ORIGINAL FRENCH ARTICLE: C’est l’heure de vérité pour l’avenir de Florange
by Thomas Lemahieu
Translated Friday 7 December 2012, by Bill Scobleand reviewed by
According to the trade unions, the government is now determined to force its way if Mittal refuses to sell its plant in eastern France. The bosses, represented by Laurence Parisot, are crying scandal in the name of “property rights.”
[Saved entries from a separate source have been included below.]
text \<open>The circuit family is represented by: n a (number of qubits of c_a),
  k a (number of output bits), P a (Born-rule output distribution of c_a).\<close>

definition circuit_family ::
  "('a::finite list \<Rightarrow> nat) \<Rightarrow> ('a list \<Rightarrow> nat) \<Rightarrow> ('a list \<Rightarrow> bool list pmf) \<Rightarrow> bool" where
  "circuit_family n k P \<longleftrightarrow>
     (\<forall>a. 1 \<le> n a \<and> k a \<le> n a \<and> set_pmf (P a) \<subseteq> {xs. length xs = k a})"

definition l1_dist :: "'b pmf \<Rightarrow> 'b pmf \<Rightarrow> real" where
  "l1_dist p q = (\<Sum>\<^sub>\<infinity> x. \<bar>pmf p x - pmf q x\<bar>)"

text \<open>Bob's classical simulation scheme: on input a circuit index a and an accuracy
  parameter eps > 0 it outputs a sample of Sim a eps with run-time rt a eps.
  It is an eps-simulator if (choosing the accuracy parameter suitably) for every
  eps > 0 and every a it samples from a distribution in B(P a, eps) in time
  bounded by a polynomial in n a and 1/eps (uniformly in a and eps).\<close>
definition is_eps_simulator ::
  "('a list \<Rightarrow> nat) \<Rightarrow> ('a list \<Rightarrow> bool list pmf) \<Rightarrow> ('a list \<Rightarrow> real \<Rightarrow> bool list pmf)
     \<Rightarrow> ('a list \<Rightarrow> real \<Rightarrow> real) \<Rightarrow> bool" where
  "is_eps_simulator n P Sim rt \<longleftrightarrow>
     (\<exists>(c::real) (d::nat). \<forall>\<epsilon>>0. \<forall>a. \<exists>\<epsilon>'>0.
        l1_dist (Sim a \<epsilon>') (P a) \<le> \<epsilon> \<and> rt a \<epsilon>' \<le> c * (1 + real (n a) + 1 / \<epsilon>) ^ d)"

type_synonym 'a transcript = "('a list \<times> bool list) list"

text \<open>Run of the interactive protocol: req is the referee's request rule (None = halt),
  resp j a is the candidate's response distribution in round j (counted from 1) to request a;
  the fuel bounds the number of rounds (finite protocol).\<close>
fun run_protocol ::
  "('a transcript \<Rightarrow> 'a list option) \<Rightarrow> (nat \<Rightarrow> 'a list \<Rightarrow> bool list pmf)
     \<Rightarrow> nat \<Rightarrow> nat \<Rightarrow> 'a transcript \<Rightarrow> 'a transcript pmf" where
  "run_protocol req resp 0 j tr = return_pmf tr"
| "run_protocol req resp (Suc m) j tr =
     (case req tr of
        None \<Rightarrow> return_pmf tr
      | Some a \<Rightarrow> bind_pmf (resp j a) (\<lambda>x. run_protocol req resp m (Suc j) (tr @ [(a, x)])))"

text \<open>Probability that the referee (request rule req, at most M rounds, decision rule dec,
  dec tr = True meaning H_a) decides correctly when the candidate is Alice or Bob with
  probability 1/2 each.\<close>
definition P_correct ::
  "('a list \<Rightarrow> bool list pmf) \<Rightarrow> (nat \<Rightarrow> 'a list \<Rightarrow> bool list pmf)
     \<Rightarrow> ('a transcript \<Rightarrow> 'a list option) \<Rightarrow> ('a transcript \<Rightarrow> bool) \<Rightarrow> nat \<Rightarrow> real" where
  "P_correct P bob req dec M =
     1/2 * measure_pmf.prob (run_protocol req (\<lambda>j a. P a) M 1 []) {tr. dec tr}
   + 1/2 * measure_pmf.prob (run_protocol req bob M 1 []) {tr. \<not> dec tr}"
In the battle to save the steel works in Florange in eastern France, the moment of truth is approaching. And on the morning of Nov. 29 it was Laurence Parisot, the head of the bosses’ association, who came out of the woods to fly to the aid of her ill-used colleague, Lakshmi Mittal. For her, the perspective of a temporary nationalization is outrageous and “is quite simply and purely scandalous.” “If it is a matter, through such language, of quite simply exercising pressure, of blackmailing, in the course of negotiations, it is inadmissible,” said the president of the MEDEF who, with her “pigeon” friends, or all by herself, spends her time blackmailing the government.
A plant that is still profitable
“Our whole society is built on one essential principle, that of property rights. Weakening that principle, like that, hastily, is very serious, and in addition, let’s not forget that it is very expensive! One must follow the dictates of reason, and I doubt not that the president of France will be much more reasonable than minister Montebourg…” This time, the bosses’ gesticulations apparently do not move the government. And ministers like Manuel Valls are hurrying to close ranks around their comrade, who is in the bosses’ cross-hairs.
“I didn’t hear Mrs. Parisot getting indignant when it was established that this company chairman had decided to under-utilize a plant that is, nevertheless, profitable, or when the formidable industrial waste at that plant was established,” said Jérôme Cahuzac, the budget minister. “I would have preferred it if she had used that adjective when the owner of this industrial plant was behaving in the way we have learned, transferring a large portion of the profits from French industrial plants beyond our borders, notably to Luxemburg.”
“But where was the head of the bosses’ association when Mittal indulged in systematically breaking up French steel-making? On holiday,” the French Communist Party said angrily.
In substance, of Mittal refuses to sell its plant in eastern France as a block, everything is said to be ready on the desks of the French president and prime minister. According to the CGT metalworkers federation, which participated in the meeting with the minister for industrial renewal, “the legal, economic and industrial set-up is totally prepared, and Arnaud Montebourg believes that, on his side, everything is ready.” On the basis of words spoken at the Ministry of the Economy, the trade union speaks of an industrial buyer ready to put up 400 million euros, with the state chipping in another 400 million euros. It is said that this temporary nationalization will be financed by the sale of part of the stake held by the state in certain companies.
On a European scale
For the CGT that solution is unacceptable. “We’re not going to nationalize on the one hand to privatize on the other!” the trade union exclaimed. The CGT defends the perspective of a public steel company on a European scale. The CGT recommends drawing on the dividends paid to the state on the basis of its stake of nearly 60 billion euros in a certain number of companies.
The latest sign of the ongoing development in the trade union and political areas: As he was leaving to greet a dozen CFDT union officials who have been camping since Nov. 28 in front of the Ministry for Industrial Renewal, Laurent Berger, who had just been named to head the CFDT, a trade union which has excluded hypotheses of this type since its “re-centering” in the 1980s, defended “the only solution” which, in his opinion, is “transitory nationalization.”